Тони все еще треплется по телефону про секс-игрушки, а Лиз вдруг объявляет, что идет на ужин в столовую. Не возражаю: за целый день она отлучилась всего на десять минут, а съела лишь диетическое печенье во время ленча. Так уж и быть, пусть насладится макаронами с сыром и булочкой.
Лиз уходит вниз по лестнице, а я регистрирую супружескую пару из Болтона, явившуюся с целой коллекцией от Луи Вюиттона: семейным чемоданам, сумками и карманным несессером. К выходным клиенты подготовились основательно. Женщина в предвкушении отдыха вся светится.
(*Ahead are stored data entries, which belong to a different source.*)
(* For every finite-dimensional complex representation $V$ of $S_n$, \[ \mathrm{ch}\,\mathrm{Ind}\,V=\mathcal F(V)[H], \] where $H=\sum_{\mathbf x\in\mathbf N^n}t^{\mathbf x}=\sum_{k\ge0}h_k(t_1,\dots,t_n)$.
   Context: $S_n$ is regarded as the subgroup of permutation matrices in $\mathrm{GL}_n(\mathbf C)$. $M_n$ is the space of $n\times n$ complex matrices and $P^d(M_n)$ the homogeneous polynomials of degree $d$ in the entries of $Q\in M_n$. For a representation $(\rho,V)$ of $S_n$, $\mathrm{Ind}^dV=\{f\in P^d(M_n)\otimes V: f(wQ)=\rho(w)f(Q)\ \forall w\in S_n,Q\in M_n\}$ (elements viewed as $V$-valued polynomial functions on $M_n$), a polynomial representation of $\mathrm{GL}_n(\mathbf C)$ via $(\mathrm{Ind}^d\rho(g)f)(Q)=f(Qg)$. The character of a polynomial representation $\sigma$ of $\mathrm{GL}_n(\mathbf C)$ is $\mathrm{ch}\,\sigma(t_1,\dots,t_n)=\mathrm{trace}\,\sigma(\mathrm{diag}(t_1,\dots,t_n))$, and $\mathrm{ch}\,\mathrm{Ind}\,V:=\sum_{d\ge0}\mathrm{ch}\,\mathrm{Ind}^dV$, a symmetric formal power series in $t_1,\dots,t_n$. $\mathcal F(V)$ is the Frobenius characteristic of the character of $V$ (so $\mathcal F(V_\mu)=s_\mu$ for Specht modules). For $\mathbf x\in\mathbf N^n$, $t^{\mathbf x}=t_1^{x_1}\dotsb t_n^{x_n}$. Plethysm: if $g$ is a (possibly infinite) sum of monic monomials $t^{\mathbf x_1}+t^{\mathbf x_2}+\dotsb$ and $f$ a symmetric function, $f[g]=f(t^{\mathbf x_1},t^{\mathbf x_2},\dots)$. *)

theory Defs
  imports "HOL-Analysis.Analysis" "HOL-Combinatorics.Orbits"
begin

text \<open>The index type 'n stands for {1..n}; matrices in M_n are complex^'n^'n.
  A representation V of S_n of dimension m is modelled on complex^'m.\<close>

definition perm_mat :: "('n::finite \<Rightarrow> 'n) \<Rightarrow> complex^'n^'n" where
  "perm_mat \<sigma> = (\<chi> i j. if i = \<sigma> j then 1 else 0)"

definition diag_mat :: "complex^'n::finite \<Rightarrow> complex^'n^'n" where
  "diag_mat t = (\<chi> i j. if i = j then t $ i else 0)"

definition is_rep :: "(('n::finite \<Rightarrow> 'n) \<Rightarrow> complex^'m::finite^'m) \<Rightarrow> bool" where
  "is_rep \<rho> \<longleftrightarrow> \<rho> id = mat 1 \<and>
     (\<forall>\<sigma> \<tau>. \<sigma> permutes UNIV \<and> \<tau> permutes UNIV \<longrightarrow> \<rho> (\<sigma> \<circ> \<tau>) = \<rho> \<sigma> ** \<rho> \<tau>)"

definition hom_poly :: "nat \<Rightarrow> (complex^'n::finite^'n \<Rightarrow> complex) \<Rightarrow> bool" where
  "hom_poly d p \<longleftrightarrow> (\<exists>c. p = (\<lambda>Q. \<Sum>e\<in>{e::'n \<Rightarrow> 'n \<Rightarrow> nat. (\<Sum>i\<in>UNIV. \<Sum>j\<in>UNIV. e i j) = d}.
       c e * (\<Prod>i\<in>UNIV. \<Prod>j\<in>UNIV. (Q $ i $ j) ^ e i j)))"

text \<open>P^d(M_n) tensor V, as V-valued polynomial functions.\<close>
definition PdV :: "nat \<Rightarrow> (complex^'n::finite^'n \<Rightarrow> complex^'m::finite) set" where
  "PdV d = {f. \<forall>k. hom_poly d (\<lambda>Q. f Q $ k)}"

definition Ind :: "nat \<Rightarrow> (('n::finite \<Rightarrow> 'n) \<Rightarrow> complex^'m::finite^'m)
    \<Rightarrow> (complex^'n^'n \<Rightarrow> complex^'m) set" where
  "Ind d \<rho> = {f \<in> PdV d. \<forall>\<sigma> Q. \<sigma> permutes UNIV \<longrightarrow> f (perm_mat \<sigma> ** Q) = \<rho> \<sigma> *v f Q}"

definition Ind_act :: "complex^'n::finite^'n \<Rightarrow> (complex^'n^'n \<Rightarrow> complex^'m::finite)
    \<Rightarrow> (complex^'n^'n \<Rightarrow> complex^'m)" where
  "Ind_act g f = (\<lambda>Q. f (Q ** g))"

definition lincomb :: "(nat \<Rightarrow> complex) \<Rightarrow> ('a \<Rightarrow> complex^'m::finite) list \<Rightarrow> 'a \<Rightarrow> complex^'m" where
  "lincomb c bs = (\<lambda>x. \<Sum>i<length bs. c i *s (bs ! i) x)"

definition is_basis_of :: "('a \<Rightarrow> complex^'m::finite) set \<Rightarrow> ('a \<Rightarrow> complex^'m) list \<Rightarrow> bool" where
  "is_basis_of W bs \<longleftrightarrow> set bs \<subseteq> W \<and>
     (\<forall>c. lincomb c bs = (\<lambda>x. 0) \<longrightarrow> (\<forall>i<length bs. c i = 0)) \<and>
     (\<forall>f\<in>W. \<exists>c. f = lincomb c bs)"

definition trace_on :: "('a \<Rightarrow> complex^'m::finite) set \<Rightarrow> (('a \<Rightarrow> complex^'m) \<Rightarrow> ('a \<Rightarrow> complex^'m)) \<Rightarrow> complex" where
  "trace_on W T = (THE s. \<forall>bs M. is_basis_of W bs \<and>
      (\<forall>j<length bs. T (bs ! j) = lincomb (\<lambda>i. M i j) bs) \<longrightarrow> s = (\<Sum>j<length bs. M j j))"

definition ch_Ind :: "nat \<Rightarrow> (('n::finite \<Rightarrow> 'n) \<Rightarrow> complex^'m::finite^'m) \<Rightarrow> complex^'n \<Rightarrow> complex" where
  "ch_Ind d \<rho> t = trace_on (Ind d \<rho>) (Ind_act (diag_mat t))"

text \<open>Formal power series in t_1..t_n, as coefficient functions on exponent vectors N^n.
  Finite product of formal power series (Cauchy product).\<close>
type_synonym 'n mps = "('n \<Rightarrow> nat) \<Rightarrow> complex"

definition mps_prod :: "('c \<Rightarrow> 'n::finite mps) \<Rightarrow> 'c set \<Rightarrow> 'n mps" where
  "mps_prod F C = (\<lambda>a. \<Sum>b\<in>{b. (\<forall>c. c \<notin> C \<longrightarrow> b c = (\<lambda>_. 0)) \<and> (\<lambda>i. \<Sum>c\<in>C. b c i) = a}.
       \<Prod>c\<in>C. F c (b c))"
Трижды повторяет мне, что пойдет в театр. Ее муж не в особенном восторге. Заполняя бланк и протягивая кредитную карточку, то и дело вздыхает. По-видимому, его сердце гложет мысль о том, что во время маленьких каникул им придется выложить по меньшей мере тысячу только за проживание в гостинице.
Работать мне еще больше часа. Облокачиваюсь на стойку и размышляю о пятничных передачах по телику, о готовом блюде на дом из ресторана, которое с двадцаткой от техасца запросто могу себе позволить, и о том, что пораньше лягу спать. Скорее бы. Зарегистрирую еще пару клиентов, и можно гулять.
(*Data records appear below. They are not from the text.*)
(* Let $\|\cdot\|$ be a norm on $\mathbb{R}^d$, $\mathcal{X}\subseteq\mathbb{R}^d$ with $B=\sup_{x\in\mathcal{X}}\|x\|<\infty$, and $\gamma>0$. There is an online learner such that for every sequence $(x_1,y_1),\dots,(x_T,y_T)\in\mathcal{X}\times\{-1,+1\}$, $$\sum_{t=1}^T\mathbb{E}\,\mathbb{1}[\hat y_t\neq y_t]-\min_{w\in\mathbb{R}^d,\ \|w\|_\star=1}\sum_{t=1}^T\mathbb{1}[y_t\langle w,x_t\rangle\le\gamma]\le\sqrt{T\cdot d\ln\!\left(1+\frac{2B}{\gamma}\right)}.$$
   Context: Online binary classification: on rounds $t=1,\dots,T$ the adversary reveals $x_t\in\mathcal{X}$, the (possibly randomized) learner outputs $\hat y_t\in\{-1,+1\}$, then $y_t\in\{-1,+1\}$ is revealed; the expectation is over the learner's randomness. $\|w\|_\star=\sup_{\|x\|\le1}\langle w,x\rangle$ is the dual norm. *)

theory Defs
  imports "HOL-Analysis.Analysis"
begin

definition is_norm :: "('a::real_vector \<Rightarrow> real) \<Rightarrow> bool" where
  "is_norm N \<longleftrightarrow>
     (\<forall>x. 0 \<le> N x) \<and> (\<forall>x. N x = 0 \<longleftrightarrow> x = 0) \<and>
     (\<forall>c x. N (c *\<^sub>R x) = \<bar>c\<bar> * N x) \<and> (\<forall>x y. N (x + y) \<le> N x + N y)"

definition dual_norm :: "('a::real_inner \<Rightarrow> real) \<Rightarrow> 'a \<Rightarrow> real" where
  "dual_norm N w = Sup {inner w x | x. N x \<le> 1}"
Смотрю в окно и вдруг замечаю останавливающийся у гостиницы небольшой белый фургон химчистки. Настроение падает. Химчистка — сущий кошмар. Мало того, что они вечно опаздывают, еще и непременно что-нибудь теряют. Отель пробовал сотрудничать с разными фирмами — расположенными поблизости, в других престижных районах и известными по всему городу. Результат всегда один: недовольство постояльцев и утерянные вещи. По-моему, услуги этого рода обязан предоставлять сам отель; некоторые крупные гостиницы и предлагают их. Только мой вам совет: если вы останавливаетесь в отеле ненадолго, о химчистке вообще забудьте.
— Добрый день, — говорит, входя, человек в синих одеждах и с белыми картонными коробками в руках. В такие лучше класть не свернутые рубашки, а торты. Для этих ребят главное внешний блеск, вовсе не качество работы.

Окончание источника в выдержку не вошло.